Ongoing product costs Info

  • Avantis® International Small Cap Value ETF 0.36%
  • Avantis® Emerging Markets Value ETF 0.36%
  • Avantis International Large Cap 0.25%
  • American Century ETF Trust - Avantis U.S. Large Cap Value ETF 0.15%
  • Avantis® U.S. Small Cap Value ETF 0.25%
  • Vanguard Total World Stock Index Fund ETF Shares 0.07%
  • Weighted costs total (per year) 0.20%

The total expense ratio of around 0.20% is impressively low for such a specialized, value‑tilted global mix. Costs matter because they come off returns every year, like a small headwind against portfolio growth.

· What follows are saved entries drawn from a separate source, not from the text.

text \<open>If \<open>P\<^sup>t B P = c C\<close>, the entries of \<open>U\<^sup>t C U\<close> are, up to nonzero factors, the entries of
  \<open>U\<^sup>t B U\<close> permuted by the induced permutation of projective points.\<close>
lemma graph_iso_of_congruence:
  fixes U :: "'a::field mat"
  assumes U: "proj_rep_matrix k m U" and B: "B \<in> carrier_mat k k" and C: "C \<in> carrier_mat k k"
    and P: "P \<in> carrier_mat k k" and dP: "det P \<noteq> 0" and c: "c \<noteq> 0"
    and eq: "transpose_mat P * B * P = c \<cdot>\<^sub>m C"
  shows "lgraph_iso (looped_graph (transpose_mat U * C * U)) (looped_graph (transpose_mat U * B * U))"
proof -
  have Uc: "U \<in> carrier_mat k m" using U unfolding proj_rep_matrix_def by auto
  have uc: "i < m \<Longrightarrow> col U i \<in> carrier_vec k" for i using Uc by auto
  obtain \<sigma> l where bij: "bij_betw \<sigma> {..<m} {..<m}"
    and l: "\<And>i. i < m \<Longrightarrow> l i \<noteq> 0 \<and> P *\<^sub>v col U i = l i \<cdot>\<^sub>v col U (\<sigma> i)"
    using proj_rep_permutation[OF U P dP] by blast
  have entry: "c * (transpose_mat U * C * U) $$ (i,j)
      = l i * l j * (transpose_mat U * B * U) $$ (\<sigma> i, \<sigma> j)" if i: "i < m" and j: "j < m" for i j
  proof -
    have si: "\<sigma> i < m" and sj: "\<sigma> j < m" using bij i j by (auto simp: bij_betw_def)
    have "c * (transpose_mat U * C * U) $$ (i,j) = col U i \<bullet> ((c \<cdot>\<^sub>m C) *\<^sub>v col U j)"
      using congruence_entry[OF Uc C i j] smult_mat_mult_vec[OF C uc[OF j]] uc[OF i] uc[OF j] C by simp
    also have "\<dots> = (P *\<^sub>v col U i) \<bullet> (B *\<^sub>v (P *\<^sub>v col U j))"
      unfolding eq[symmetric] by (rule congruence_form[OF P B uc[OF i] uc[OF j]])
    also have "\<dots> = l i * l j * (col U (\<sigma> i) \<bullet> (B *\<^sub>v col U (\<sigma> j)))"
      using l[OF i] l[OF j] mult_mat_vec[OF B uc[OF sj]] uc[OF si] uc[OF sj] B by simp
    also have "\<dots> = l i * l j * (transpose_mat U * B * U) $$ (\<sigma> i, \<sigma> j)"
      using congruence_entry[OF Uc B si sj] by simp
    finally show ?thesis .
  qed
  have nz: "(transpose_mat U * C * U) $$ (i,j) \<noteq> 0 \<longleftrightarrow> (transpose_mat U * B * U) $$ (\<sigma> i, \<sigma> j) \<noteq> 0"
    if "i < m" "j < m" for i j
  proof -
    have "(transpose_mat U * C * U) $$ (i,j) \<noteq> 0 \<longleftrightarrow> c * (transpose_mat U * C * U) $$ (i,j) \<noteq> 0"
      using c by simp
    thus ?thesis unfolding entry[OF that] using l[OF that(1)] l[OF that(2)] by simp
  qed
  have dims: "dim_row (transpose_mat U * C * U) = m" "dim_row (transpose_mat U * B * U) = m"
    using Uc by auto
  show ?thesis unfolding lgraph_iso_def looped_graph_def fst_conv snd_conv dims
    by (intro conjI exI[of _ \<sigma>] allI impI bij refl nz) assumption+
qed

lemma finite_sym_form_of_inv_sym:
  "B \<in> inv_sym_mats k \<Longrightarrow> finite_sym_form k (B :: 'a::{finite,field} mat)"
  unfolding inv_sym_mats_def by (unfold_locales, auto simp: invertible_iff_det_nonzero)

lemma congruent_multiple_graph_iso:
  assumes U: "proj_rep_matrix k m U" and sf: "sym_form k B" and C: "C \<in> carrier_mat k k"
    and dC: "det C \<noteq> 0" and cm: "sym_form.congruent_multiple k B C"
  shows "lgraph_iso (looped_graph (transpose_mat U * B * U)) (looped_graph (transpose_mat U * C * U))"
proof -
  interpret sym_form k B by (rule sf)
  obtain vs c where vs: "length vs = k" "set vs \<subseteq> carrier_vec k" "c \<noteq> 0"
    "has_gram vs (\<lambda>i j. c * C $$ (i,j))"
    using cm unfolding congruent_multiple_def by auto
  let ?P = "mat_of_cols k vs"
  have P: "?P \<in> carrier_mat k k" using vs(1) by (metis mat_of_cols_carrier(1))
  have g: "gram vs = c \<cdot>\<^sub>m C" unfolding gram_eq_mat[OF vs(4)] vs(1) using C by (intro eq_matI) auto
  have "det (gram vs) \<noteq> 0" unfolding g using C vs(3) dC by simp
  hence "det ?P \<noteq> 0" using det_gram_full[OF vs(2,1)] by auto
  thus ?thesis
    using lgraph_iso_sym[OF graph_iso_of_congruence[OF U B C P _ vs(3)]] gram_congruence[OF vs(2)] g
    by simp
qed

lemma frak_g_representatives:
  fixes U :: "'a::{finite,field} mat"
  assumes U: "proj_rep_matrix k m U" and sub: "Bs \<subseteq> inv_sym_mats k"
    and cls: "\<And>B. B \<in> inv_sym_mats k \<Longrightarrow> \<exists>C\<in>Bs. sym_form.congruent_multiple k B C"
  shows "frak_g k U = iso_closure (graphs_of U Bs)"
proof
  show "frak_g k U \<subseteq> iso_closure (graphs_of U Bs)"
  proof
    fix G assume "G \<in> frak_g k U"
    then obtain B where B: "B \<in> inv_sym_mats k" and GB: "lgraph_iso G (looped_graph (transpose_mat U * B * U))"
      unfolding frak_g_def iso_closure_def graphs_of_def by auto
    obtain C where C: "C \<in> Bs" "sym_form.congruent_multiple k B C" using cls[OF B] by auto
    have "C \<in> carrier_mat k k" "det C \<noteq> 0" using sub C(1) unfolding inv_sym_mats_def
      by (auto simp: invertible_iff_det_nonzero)
    hence "lgraph_iso (looped_graph (transpose_mat U * B * U)) (looped_graph (transpose_mat U * C * U))"
      using congruent_multiple_graph_iso[OF U _ _ _ C(2)] finite_sym_form_of_inv_sym[OF B]
      by (simp add: finite_sym_form_def)
    hence "lgraph_iso G (looped_graph (transpose_mat U * C * U))" by (rule lgraph_iso_trans[OF GB])
    thus "G \<in> iso_closure (graphs_of U Bs)" unfolding iso_closure_def graphs_of_def using C(1) by auto
  qed
next
  show "iso_closure (graphs_of U Bs) \<subseteq> frak_g k U"
    unfolding frak_g_def iso_closure_def graphs_of_def using sub by blast
qed

lemma one_inv_sym: "(1\<^sub>m k :: 'a::field mat) \<in> inv_sym_mats k"
  unfolding inv_sym_mats_def using invertible_iff_det_nonzero[OF one_carrier_mat, of k] by auto

lemma diagH_inv_sym: "even k \<Longrightarrow> (diagH k :: 'a::field mat) \<in> inv_sym_mats k"
  unfolding inv_sym_mats_def
  using det_diagH_nonzero[of k] invertible_iff_det_nonzero[of "diagH k :: 'a mat" k]
  by (auto simp: diagH_def intro!: eq_matI)

lemma diag_nu_inv_sym:
  assumes "k \<ge> 1" "\<nu> \<noteq> 0" shows "(diag_nu k \<nu> :: 'a::field mat) \<in> inv_sym_mats k"
proof -
  obtain n where k: "k = Suc n" using assms(1) by (cases k) auto
  have "(\<Prod>i=0..<n. (if i = n then \<nu> else 1)) = 1" by (rule prod.neutral) auto
  hence "det (diag_nu k \<nu>) = \<nu>" unfolding diag_nu_def det_diag k by simp
  thus ?thesis unfolding inv_sym_mats_def
    using assms invertible_iff_det_nonzero[of "diag_nu k \<nu> :: 'a mat" k]
    by (auto simp: diag_nu_def intro!: eq_matI)
qed

text \<open>Every form is congruent to a multiple of one of the listed representatives; the
  characteristic is read off from the parity of the field order.\<close>
lemma (in finite_sym_form) form_classification:
  assumes k1: "k \<ge> 1"
  shows "(odd k \<longrightarrow> congruent_multiple (1\<^sub>m k))
    \<and> (even k \<and> even (card (UNIV :: 'a set)) \<longrightarrow>
         congruent_multiple (1\<^sub>m k) \<or> congruent_multiple (diagH k))
    \<and> (\<forall>\<nu>. even k \<and> odd (card (UNIV :: 'a set)) \<and> \<not> (\<exists>x. \<nu> = x * x) \<longrightarrow>
         congruent_multiple (1\<^sub>m k) \<or> congruent_multiple (diag_nu k \<nu>))"
proof (cases "(1::'a) + 1 = 0")
  case True
  hence "even (card (UNIV :: 'a set))" using char_two_iff_even_card by blast
  thus ?thesis using char_two_classification[OF True] by auto
next
  case False
  hence "odd (card (UNIV :: 'a set))" using char_two_iff_even_card by blast
  thus ?thesis using odd_char_classification[OF False k1] by auto
qed

theorem mainTheorem2:
  fixes U :: "'a::{finite, field} mat" and k m :: nat
  assumes "k \<ge> 1"
    and "proj_rep_matrix k m U"
  shows "(odd k \<longrightarrow> frak_g k U = iso_closure (graphs_of U {1\<^sub>m k}))
       \<and> (even k \<and> even (card (UNIV :: 'a set)) \<longrightarrow>
            frak_g k U = iso_closure (graphs_of U {1\<^sub>m k, diagH k}))
       \<and> (\<forall>\<nu>::'a. even k \<and> odd (card (UNIV :: 'a set)) \<and> \<not> (\<exists>x. \<nu> = x * x) \<longrightarrow>
            frak_g k U = iso_closure (graphs_of U {1\<^sub>m k, diag_nu k \<nu>}))"
proof -
  note cls = finite_sym_form.form_classification[OF finite_sym_form_of_inv_sym assms(1)]
  note reps = frak_g_representatives[OF assms(2)]
  show ?thesis
  proof (intro conjI impI allI)
    assume "odd k"
    thus "frak_g k U = iso_closure (graphs_of U {1\<^sub>m k})"
      using cls by (intro reps) (auto simp: one_inv_sym)
  next
    assume "even k \<and> even (card (UNIV :: 'a set))"
    thus "frak_g k U = iso_closure (graphs_of U {1\<^sub>m k, diagH k})"
      using cls by (intro reps) (auto simp: one_inv_sym diagH_inv_sym)
  next
    fix \<nu> :: 'a assume a: "even k \<and> odd (card (UNIV :: 'a set)) \<and> \<not> (\<exists>x. \<nu> = x * x)"
    hence "\<nu> \<noteq> 0" by auto
    thus "frak_g k U = iso_closure (graphs_of U {1\<^sub>m k, diag_nu k \<nu>})"
      using a cls by (intro reps) (auto simp: one_inv_sym diag_nu_inv_sym[OF assms(1)])
  qed
qed

end
lemma Xmap_convex_combination:
  assumes "s \<in> {xi (k-1)..xi k}" "k \<in> {1..K}"
  obtains t where "0 \<le> t" "t \<le> 1" "\<And>c. Xmap K xi c s = (1-t) * c (k-1) + t * c k"
proof
  have lt: "xi (k-1) < xi k" using assms by (intro xi_less) auto
  define t where "t = (s - xi (k-1)) / (xi k - xi (k-1))"
  show "0 \<le> t" "t \<le> 1" using assms lt by (auto simp: t_def field_simps)
  have u: "(xi k - s) / (xi k - xi (k-1)) = 1 - t" using lt by (simp add: t_def field_simps)
  show "Xmap K xi c s = (1-t) * c (k-1) + t * c k" for c
    using Xmap_on_cell[OF assms(2,1), of c] unfolding u t_def[symmetric] by simp
qed

lemma hat_eq_Xmap_unit:
  assumes "j \<le> K"
  shows "hat K xi j s = Xmap K xi (\<lambda>i. if i = j then 1 else 0) s"
proof -
  have "Xmap K xi (\<lambda>i. if i = j then 1 else 0) s = (\<Sum>k = 0..K. if k = j then hat K xi k s else 0)"
    unfolding Xmap_def by (rule sum.cong) auto
  then show ?thesis using assms by (simp add: sum.delta)
qed

lemma cell_cover:
  assumes "s \<in> {xi 0..xi K}"
  obtains k where "k \<in> {1..K}" "s \<in> {xi (k-1)..xi k}"
proof -
  have "\<exists>k\<in>{1..n}. s \<in> {xi (k-1)..xi k}" if "1 \<le> n" "n \<le> K" "s \<in> {xi 0..xi n}" for n
    using that
  proof (induction n)
    case (Suc n)
    show ?case
    proof (cases "s \<le> xi n \<and> 1 \<le> n")
      case True
      then show ?thesis using Suc by fastforce
    next
      case False
      then have "xi n \<le> s" using Suc.prems by (cases n) auto
      then show ?thesis using Suc.prems by (intro bexI[of _ "Suc n"]) auto
    qed
  qed simp
  then show ?thesis using assms K_pos that by blast
qed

Here, the ultra‑cheap global core pairs with slightly higher fees on the factor‑tilted funds, landing at a very reasonable blended level. Compared with many actively managed funds or advisory setups charging 0.5–1.0% or more, this cost structure strongly supports better long‑term outcomes. It’s a great sign that fees are already under control, leaving more of the portfolio’s return in the investor’s pocket without needing further aggressive cost cutting.